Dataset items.
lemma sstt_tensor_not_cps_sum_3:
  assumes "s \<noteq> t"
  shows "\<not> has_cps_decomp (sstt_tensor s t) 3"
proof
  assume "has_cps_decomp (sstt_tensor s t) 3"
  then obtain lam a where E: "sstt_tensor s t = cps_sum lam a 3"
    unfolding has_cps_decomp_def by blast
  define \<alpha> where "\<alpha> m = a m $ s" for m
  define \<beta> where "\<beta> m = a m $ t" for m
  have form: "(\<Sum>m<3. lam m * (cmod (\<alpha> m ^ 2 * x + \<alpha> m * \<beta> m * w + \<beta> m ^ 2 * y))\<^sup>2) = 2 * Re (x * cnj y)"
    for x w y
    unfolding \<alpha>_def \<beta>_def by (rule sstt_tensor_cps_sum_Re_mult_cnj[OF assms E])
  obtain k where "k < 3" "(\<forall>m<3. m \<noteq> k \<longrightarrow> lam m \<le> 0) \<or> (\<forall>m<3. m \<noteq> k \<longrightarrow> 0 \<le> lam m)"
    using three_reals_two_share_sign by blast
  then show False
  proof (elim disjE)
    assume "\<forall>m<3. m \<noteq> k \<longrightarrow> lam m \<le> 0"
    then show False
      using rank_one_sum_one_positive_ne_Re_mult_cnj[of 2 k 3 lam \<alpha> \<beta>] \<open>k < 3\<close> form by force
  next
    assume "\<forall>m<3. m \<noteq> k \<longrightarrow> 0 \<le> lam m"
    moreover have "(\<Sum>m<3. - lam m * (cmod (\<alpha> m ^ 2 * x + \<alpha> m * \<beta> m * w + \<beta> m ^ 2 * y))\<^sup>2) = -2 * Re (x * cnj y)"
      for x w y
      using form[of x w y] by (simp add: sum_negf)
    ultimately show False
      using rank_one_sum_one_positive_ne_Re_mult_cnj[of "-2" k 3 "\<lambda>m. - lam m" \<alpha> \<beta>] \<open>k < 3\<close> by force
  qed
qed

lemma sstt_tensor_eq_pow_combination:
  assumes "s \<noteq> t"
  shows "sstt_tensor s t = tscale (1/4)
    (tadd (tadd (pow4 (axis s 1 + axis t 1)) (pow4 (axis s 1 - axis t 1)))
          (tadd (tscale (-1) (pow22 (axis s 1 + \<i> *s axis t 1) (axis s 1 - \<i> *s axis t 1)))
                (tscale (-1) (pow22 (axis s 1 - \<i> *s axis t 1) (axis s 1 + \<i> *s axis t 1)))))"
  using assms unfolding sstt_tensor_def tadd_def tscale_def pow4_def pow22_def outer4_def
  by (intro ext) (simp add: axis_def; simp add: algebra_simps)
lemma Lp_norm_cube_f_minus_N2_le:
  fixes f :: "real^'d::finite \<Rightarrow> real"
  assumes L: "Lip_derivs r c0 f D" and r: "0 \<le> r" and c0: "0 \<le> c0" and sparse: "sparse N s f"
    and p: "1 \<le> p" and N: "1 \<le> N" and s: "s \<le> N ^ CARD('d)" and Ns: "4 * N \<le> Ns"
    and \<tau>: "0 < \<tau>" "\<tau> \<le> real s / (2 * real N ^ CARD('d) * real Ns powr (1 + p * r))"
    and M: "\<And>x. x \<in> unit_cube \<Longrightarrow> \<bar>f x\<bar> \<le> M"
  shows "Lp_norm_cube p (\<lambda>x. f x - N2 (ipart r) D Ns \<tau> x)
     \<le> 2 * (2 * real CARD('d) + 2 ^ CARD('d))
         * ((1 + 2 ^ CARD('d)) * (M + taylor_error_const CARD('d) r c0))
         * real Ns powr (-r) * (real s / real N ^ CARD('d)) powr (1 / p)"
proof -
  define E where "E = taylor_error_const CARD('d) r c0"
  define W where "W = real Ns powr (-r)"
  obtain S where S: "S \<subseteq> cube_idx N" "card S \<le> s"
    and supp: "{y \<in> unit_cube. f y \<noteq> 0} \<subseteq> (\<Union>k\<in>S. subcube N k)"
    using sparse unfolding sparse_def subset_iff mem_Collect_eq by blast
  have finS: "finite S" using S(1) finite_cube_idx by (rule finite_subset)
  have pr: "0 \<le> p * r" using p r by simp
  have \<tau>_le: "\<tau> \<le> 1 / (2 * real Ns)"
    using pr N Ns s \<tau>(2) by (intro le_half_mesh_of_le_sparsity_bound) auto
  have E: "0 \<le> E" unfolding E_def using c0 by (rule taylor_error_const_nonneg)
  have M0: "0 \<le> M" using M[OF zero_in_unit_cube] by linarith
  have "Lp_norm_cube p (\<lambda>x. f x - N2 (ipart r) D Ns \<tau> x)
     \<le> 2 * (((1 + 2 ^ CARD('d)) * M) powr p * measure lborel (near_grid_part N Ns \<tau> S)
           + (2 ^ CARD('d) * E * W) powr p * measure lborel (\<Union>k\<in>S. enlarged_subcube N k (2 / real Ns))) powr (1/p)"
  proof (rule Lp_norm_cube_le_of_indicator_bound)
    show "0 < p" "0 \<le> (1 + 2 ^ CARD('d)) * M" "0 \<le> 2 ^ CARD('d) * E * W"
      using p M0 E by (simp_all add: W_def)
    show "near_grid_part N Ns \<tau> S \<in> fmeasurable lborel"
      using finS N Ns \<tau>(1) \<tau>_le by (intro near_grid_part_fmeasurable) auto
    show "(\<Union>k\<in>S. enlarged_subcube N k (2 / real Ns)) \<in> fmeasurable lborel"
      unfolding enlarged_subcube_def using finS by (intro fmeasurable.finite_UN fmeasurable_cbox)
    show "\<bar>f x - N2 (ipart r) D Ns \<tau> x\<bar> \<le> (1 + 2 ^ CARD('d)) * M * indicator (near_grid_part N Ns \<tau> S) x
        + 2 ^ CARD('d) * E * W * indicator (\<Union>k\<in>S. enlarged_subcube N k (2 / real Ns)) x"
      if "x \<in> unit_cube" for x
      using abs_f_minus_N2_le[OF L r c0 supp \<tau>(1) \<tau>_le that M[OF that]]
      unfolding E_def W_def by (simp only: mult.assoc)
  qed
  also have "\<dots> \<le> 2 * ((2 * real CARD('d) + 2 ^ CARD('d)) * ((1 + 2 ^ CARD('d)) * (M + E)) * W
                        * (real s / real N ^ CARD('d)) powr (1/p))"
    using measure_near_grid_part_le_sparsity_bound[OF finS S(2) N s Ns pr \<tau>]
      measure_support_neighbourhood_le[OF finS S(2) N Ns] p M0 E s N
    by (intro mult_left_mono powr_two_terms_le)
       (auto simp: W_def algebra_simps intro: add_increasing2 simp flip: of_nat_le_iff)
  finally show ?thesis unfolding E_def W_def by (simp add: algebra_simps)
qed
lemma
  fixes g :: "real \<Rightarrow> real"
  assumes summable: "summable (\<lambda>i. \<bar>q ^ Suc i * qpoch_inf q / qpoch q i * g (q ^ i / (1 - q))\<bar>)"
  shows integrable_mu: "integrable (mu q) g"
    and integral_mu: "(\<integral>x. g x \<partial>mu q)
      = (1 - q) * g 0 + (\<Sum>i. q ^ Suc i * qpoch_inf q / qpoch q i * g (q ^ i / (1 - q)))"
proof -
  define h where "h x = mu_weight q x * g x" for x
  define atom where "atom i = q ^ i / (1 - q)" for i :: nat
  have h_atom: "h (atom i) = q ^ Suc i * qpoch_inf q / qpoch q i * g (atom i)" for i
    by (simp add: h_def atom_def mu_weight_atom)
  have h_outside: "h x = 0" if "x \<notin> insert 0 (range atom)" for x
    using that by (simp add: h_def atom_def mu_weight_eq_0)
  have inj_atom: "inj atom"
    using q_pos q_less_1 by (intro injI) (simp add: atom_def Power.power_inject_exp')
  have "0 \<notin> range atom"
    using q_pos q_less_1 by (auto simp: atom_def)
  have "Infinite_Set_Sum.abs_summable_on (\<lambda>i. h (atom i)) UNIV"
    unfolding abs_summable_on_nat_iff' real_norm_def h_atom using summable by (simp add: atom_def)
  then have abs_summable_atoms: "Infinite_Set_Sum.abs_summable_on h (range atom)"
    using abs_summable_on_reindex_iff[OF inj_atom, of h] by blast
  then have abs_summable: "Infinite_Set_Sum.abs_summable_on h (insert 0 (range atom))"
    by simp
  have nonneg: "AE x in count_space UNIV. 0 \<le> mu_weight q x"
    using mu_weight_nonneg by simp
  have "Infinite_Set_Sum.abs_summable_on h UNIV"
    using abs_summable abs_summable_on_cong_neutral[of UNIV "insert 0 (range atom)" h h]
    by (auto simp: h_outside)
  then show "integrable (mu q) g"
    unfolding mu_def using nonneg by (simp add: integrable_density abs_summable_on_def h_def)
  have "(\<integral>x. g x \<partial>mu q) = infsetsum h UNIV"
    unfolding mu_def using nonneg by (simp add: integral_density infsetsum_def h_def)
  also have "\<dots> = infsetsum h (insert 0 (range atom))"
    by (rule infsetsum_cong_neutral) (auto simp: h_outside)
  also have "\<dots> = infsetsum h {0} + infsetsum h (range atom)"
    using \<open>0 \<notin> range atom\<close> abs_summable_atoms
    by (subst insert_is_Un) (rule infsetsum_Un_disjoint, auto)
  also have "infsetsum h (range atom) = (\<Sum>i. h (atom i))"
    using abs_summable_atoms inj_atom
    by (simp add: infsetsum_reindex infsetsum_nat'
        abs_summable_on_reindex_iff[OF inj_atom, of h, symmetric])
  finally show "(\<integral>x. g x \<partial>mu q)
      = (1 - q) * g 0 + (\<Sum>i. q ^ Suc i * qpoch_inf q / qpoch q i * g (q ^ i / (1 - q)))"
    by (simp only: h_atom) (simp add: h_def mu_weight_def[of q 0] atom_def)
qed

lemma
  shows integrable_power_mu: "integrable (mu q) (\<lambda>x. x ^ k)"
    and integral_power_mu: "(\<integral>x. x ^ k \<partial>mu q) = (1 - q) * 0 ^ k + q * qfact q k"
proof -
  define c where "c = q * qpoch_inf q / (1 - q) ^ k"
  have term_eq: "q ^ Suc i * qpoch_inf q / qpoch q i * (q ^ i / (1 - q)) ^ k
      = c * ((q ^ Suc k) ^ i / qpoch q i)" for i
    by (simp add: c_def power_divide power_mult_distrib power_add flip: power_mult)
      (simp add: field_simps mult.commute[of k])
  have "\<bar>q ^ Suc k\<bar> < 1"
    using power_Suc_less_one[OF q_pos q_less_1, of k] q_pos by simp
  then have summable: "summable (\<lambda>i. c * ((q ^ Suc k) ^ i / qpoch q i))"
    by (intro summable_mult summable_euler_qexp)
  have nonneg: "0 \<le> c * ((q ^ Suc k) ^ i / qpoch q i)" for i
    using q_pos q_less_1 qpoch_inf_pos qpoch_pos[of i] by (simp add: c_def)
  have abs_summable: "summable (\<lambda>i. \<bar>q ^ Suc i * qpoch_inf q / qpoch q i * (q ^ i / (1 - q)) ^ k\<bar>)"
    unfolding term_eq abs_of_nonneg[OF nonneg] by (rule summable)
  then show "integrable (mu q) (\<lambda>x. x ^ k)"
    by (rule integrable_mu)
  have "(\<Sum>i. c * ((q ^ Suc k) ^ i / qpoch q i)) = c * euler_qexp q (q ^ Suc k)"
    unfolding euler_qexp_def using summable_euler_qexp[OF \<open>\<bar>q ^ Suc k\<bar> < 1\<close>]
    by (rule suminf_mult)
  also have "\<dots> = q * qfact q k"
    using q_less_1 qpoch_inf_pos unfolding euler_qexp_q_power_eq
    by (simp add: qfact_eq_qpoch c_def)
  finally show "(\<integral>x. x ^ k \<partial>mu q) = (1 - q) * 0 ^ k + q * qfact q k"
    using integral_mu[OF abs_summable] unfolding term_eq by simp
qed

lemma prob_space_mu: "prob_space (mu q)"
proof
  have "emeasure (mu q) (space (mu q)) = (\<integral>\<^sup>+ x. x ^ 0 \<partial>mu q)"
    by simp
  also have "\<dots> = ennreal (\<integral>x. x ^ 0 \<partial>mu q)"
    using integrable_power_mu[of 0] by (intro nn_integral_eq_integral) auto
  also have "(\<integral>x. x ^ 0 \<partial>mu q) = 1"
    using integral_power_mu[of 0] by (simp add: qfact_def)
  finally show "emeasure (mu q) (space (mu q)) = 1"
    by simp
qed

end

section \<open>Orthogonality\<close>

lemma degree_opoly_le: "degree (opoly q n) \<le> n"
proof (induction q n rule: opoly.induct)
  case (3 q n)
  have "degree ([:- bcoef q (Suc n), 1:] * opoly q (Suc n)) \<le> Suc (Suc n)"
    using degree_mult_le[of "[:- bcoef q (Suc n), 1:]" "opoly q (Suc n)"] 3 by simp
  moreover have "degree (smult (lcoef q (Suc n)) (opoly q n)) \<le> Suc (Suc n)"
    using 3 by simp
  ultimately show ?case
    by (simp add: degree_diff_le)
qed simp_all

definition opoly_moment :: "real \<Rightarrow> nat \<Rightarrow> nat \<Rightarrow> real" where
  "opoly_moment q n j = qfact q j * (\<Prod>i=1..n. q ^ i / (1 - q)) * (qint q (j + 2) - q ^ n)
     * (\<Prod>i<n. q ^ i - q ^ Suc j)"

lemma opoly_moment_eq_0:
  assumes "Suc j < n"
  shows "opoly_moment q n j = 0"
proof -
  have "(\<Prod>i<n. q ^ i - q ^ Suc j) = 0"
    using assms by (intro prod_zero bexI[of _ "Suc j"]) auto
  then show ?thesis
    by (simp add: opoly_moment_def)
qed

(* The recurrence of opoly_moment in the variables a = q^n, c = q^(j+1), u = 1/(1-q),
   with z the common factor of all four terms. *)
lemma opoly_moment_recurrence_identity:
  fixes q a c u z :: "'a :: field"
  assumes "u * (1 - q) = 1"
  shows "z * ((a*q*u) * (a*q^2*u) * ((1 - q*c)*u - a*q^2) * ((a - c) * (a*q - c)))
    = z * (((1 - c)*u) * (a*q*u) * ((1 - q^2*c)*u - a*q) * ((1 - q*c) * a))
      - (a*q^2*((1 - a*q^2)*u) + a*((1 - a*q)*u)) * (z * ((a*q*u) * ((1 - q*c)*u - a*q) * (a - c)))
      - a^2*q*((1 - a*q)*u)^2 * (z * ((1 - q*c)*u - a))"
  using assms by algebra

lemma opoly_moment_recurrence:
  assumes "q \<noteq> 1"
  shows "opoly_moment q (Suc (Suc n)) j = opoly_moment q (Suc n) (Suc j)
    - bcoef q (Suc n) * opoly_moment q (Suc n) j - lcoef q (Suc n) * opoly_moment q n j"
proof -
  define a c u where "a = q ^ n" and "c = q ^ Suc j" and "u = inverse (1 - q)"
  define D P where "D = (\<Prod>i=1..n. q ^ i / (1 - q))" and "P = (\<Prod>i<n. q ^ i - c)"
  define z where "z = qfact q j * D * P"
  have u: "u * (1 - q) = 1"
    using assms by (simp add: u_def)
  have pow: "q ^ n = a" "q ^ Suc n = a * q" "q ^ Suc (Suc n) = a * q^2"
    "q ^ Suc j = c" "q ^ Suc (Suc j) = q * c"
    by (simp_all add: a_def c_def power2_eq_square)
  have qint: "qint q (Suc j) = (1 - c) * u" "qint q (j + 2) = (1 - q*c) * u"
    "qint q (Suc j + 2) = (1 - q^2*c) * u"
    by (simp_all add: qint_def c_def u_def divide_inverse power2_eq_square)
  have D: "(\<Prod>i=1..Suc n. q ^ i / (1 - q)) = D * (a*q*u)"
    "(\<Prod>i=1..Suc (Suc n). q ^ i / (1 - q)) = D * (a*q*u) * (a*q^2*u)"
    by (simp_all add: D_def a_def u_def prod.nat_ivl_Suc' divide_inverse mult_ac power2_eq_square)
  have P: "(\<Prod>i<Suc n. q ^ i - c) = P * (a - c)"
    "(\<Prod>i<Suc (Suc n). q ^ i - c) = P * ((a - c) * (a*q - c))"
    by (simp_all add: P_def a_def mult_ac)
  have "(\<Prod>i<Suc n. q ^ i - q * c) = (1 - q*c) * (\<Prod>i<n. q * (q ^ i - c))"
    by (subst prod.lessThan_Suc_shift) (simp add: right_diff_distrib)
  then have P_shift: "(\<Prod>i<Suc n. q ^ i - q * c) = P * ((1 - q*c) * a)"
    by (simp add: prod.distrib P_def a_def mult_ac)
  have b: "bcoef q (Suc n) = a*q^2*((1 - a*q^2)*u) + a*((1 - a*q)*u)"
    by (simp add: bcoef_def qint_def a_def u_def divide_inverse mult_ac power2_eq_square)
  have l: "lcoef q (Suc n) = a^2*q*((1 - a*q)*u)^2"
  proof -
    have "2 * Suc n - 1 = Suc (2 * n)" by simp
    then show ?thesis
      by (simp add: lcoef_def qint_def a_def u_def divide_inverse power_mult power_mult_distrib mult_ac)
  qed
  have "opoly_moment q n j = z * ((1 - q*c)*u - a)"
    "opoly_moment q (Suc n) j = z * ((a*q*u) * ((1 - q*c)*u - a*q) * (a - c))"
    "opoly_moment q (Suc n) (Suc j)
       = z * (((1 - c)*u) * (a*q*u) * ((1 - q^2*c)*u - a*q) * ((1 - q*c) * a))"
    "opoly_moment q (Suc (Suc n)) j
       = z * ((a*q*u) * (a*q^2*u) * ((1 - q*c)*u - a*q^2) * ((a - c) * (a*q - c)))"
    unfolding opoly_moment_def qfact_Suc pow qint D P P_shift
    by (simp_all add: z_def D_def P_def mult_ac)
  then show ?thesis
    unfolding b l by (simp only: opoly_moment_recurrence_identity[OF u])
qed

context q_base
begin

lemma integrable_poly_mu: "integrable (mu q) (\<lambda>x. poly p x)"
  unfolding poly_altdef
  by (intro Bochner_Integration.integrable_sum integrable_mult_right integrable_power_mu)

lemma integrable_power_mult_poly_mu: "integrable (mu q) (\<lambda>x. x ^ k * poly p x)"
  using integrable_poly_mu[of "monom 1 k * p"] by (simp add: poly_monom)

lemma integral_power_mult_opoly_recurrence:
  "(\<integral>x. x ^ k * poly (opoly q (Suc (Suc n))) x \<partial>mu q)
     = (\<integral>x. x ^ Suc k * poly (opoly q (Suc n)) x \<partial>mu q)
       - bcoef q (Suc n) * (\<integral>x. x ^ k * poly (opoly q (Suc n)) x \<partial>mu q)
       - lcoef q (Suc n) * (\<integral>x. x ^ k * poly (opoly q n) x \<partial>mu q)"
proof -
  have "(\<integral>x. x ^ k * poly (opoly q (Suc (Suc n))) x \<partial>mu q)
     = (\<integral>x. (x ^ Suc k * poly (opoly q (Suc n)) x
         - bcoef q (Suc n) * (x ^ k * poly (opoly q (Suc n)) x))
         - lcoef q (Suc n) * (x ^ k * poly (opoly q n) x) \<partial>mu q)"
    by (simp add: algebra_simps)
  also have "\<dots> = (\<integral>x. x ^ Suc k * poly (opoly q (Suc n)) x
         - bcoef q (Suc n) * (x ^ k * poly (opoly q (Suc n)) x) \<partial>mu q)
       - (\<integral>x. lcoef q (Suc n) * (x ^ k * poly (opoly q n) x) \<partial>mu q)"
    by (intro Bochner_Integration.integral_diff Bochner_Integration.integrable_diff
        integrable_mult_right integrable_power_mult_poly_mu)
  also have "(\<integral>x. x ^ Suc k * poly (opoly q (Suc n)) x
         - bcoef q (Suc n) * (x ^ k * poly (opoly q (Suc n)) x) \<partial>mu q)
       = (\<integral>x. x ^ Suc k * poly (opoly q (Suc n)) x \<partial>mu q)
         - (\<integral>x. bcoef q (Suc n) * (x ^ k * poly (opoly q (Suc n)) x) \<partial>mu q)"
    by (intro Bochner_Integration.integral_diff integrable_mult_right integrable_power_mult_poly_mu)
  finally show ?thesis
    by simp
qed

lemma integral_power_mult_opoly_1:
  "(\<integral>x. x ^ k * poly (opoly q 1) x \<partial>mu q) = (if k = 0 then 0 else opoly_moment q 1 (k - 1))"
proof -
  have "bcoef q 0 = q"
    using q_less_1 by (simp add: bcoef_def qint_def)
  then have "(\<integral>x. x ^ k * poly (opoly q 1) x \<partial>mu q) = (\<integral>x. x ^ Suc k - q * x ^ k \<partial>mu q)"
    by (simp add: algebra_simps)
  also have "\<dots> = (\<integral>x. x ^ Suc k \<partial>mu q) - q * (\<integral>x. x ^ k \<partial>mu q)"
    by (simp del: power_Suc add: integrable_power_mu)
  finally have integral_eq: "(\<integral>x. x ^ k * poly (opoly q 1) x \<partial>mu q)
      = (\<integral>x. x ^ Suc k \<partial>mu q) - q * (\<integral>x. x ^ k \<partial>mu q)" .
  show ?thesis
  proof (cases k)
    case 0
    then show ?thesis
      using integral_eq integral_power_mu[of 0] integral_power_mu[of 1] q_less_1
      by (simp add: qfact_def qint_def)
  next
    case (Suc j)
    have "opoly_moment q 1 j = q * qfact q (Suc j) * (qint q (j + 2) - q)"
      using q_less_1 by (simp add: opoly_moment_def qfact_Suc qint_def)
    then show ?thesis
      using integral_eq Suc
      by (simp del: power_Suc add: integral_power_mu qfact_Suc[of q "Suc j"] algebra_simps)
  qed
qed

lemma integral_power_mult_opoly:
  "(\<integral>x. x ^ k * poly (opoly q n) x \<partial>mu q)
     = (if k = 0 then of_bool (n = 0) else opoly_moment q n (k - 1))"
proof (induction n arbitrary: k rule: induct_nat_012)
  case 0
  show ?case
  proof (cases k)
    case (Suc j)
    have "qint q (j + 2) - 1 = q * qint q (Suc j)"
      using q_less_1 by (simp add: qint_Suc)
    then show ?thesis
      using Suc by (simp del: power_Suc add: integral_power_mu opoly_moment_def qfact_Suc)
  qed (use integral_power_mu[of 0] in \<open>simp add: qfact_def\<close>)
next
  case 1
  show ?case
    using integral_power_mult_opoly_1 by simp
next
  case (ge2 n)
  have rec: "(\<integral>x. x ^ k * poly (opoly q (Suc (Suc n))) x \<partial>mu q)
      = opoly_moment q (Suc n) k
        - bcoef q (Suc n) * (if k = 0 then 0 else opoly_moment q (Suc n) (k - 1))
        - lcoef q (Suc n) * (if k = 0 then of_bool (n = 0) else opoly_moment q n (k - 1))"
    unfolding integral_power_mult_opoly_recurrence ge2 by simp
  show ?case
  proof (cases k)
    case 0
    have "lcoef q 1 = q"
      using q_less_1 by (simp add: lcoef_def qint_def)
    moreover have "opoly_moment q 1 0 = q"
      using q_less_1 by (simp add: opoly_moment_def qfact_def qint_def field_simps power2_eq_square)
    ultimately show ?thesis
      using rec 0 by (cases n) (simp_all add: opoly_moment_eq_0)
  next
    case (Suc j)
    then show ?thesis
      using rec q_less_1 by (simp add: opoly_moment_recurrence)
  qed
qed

TASK ITEM. Look through the entries for lines containing the word "False" and return each one.

OUTPUT.
  then show False
    then show False
    ultimately show False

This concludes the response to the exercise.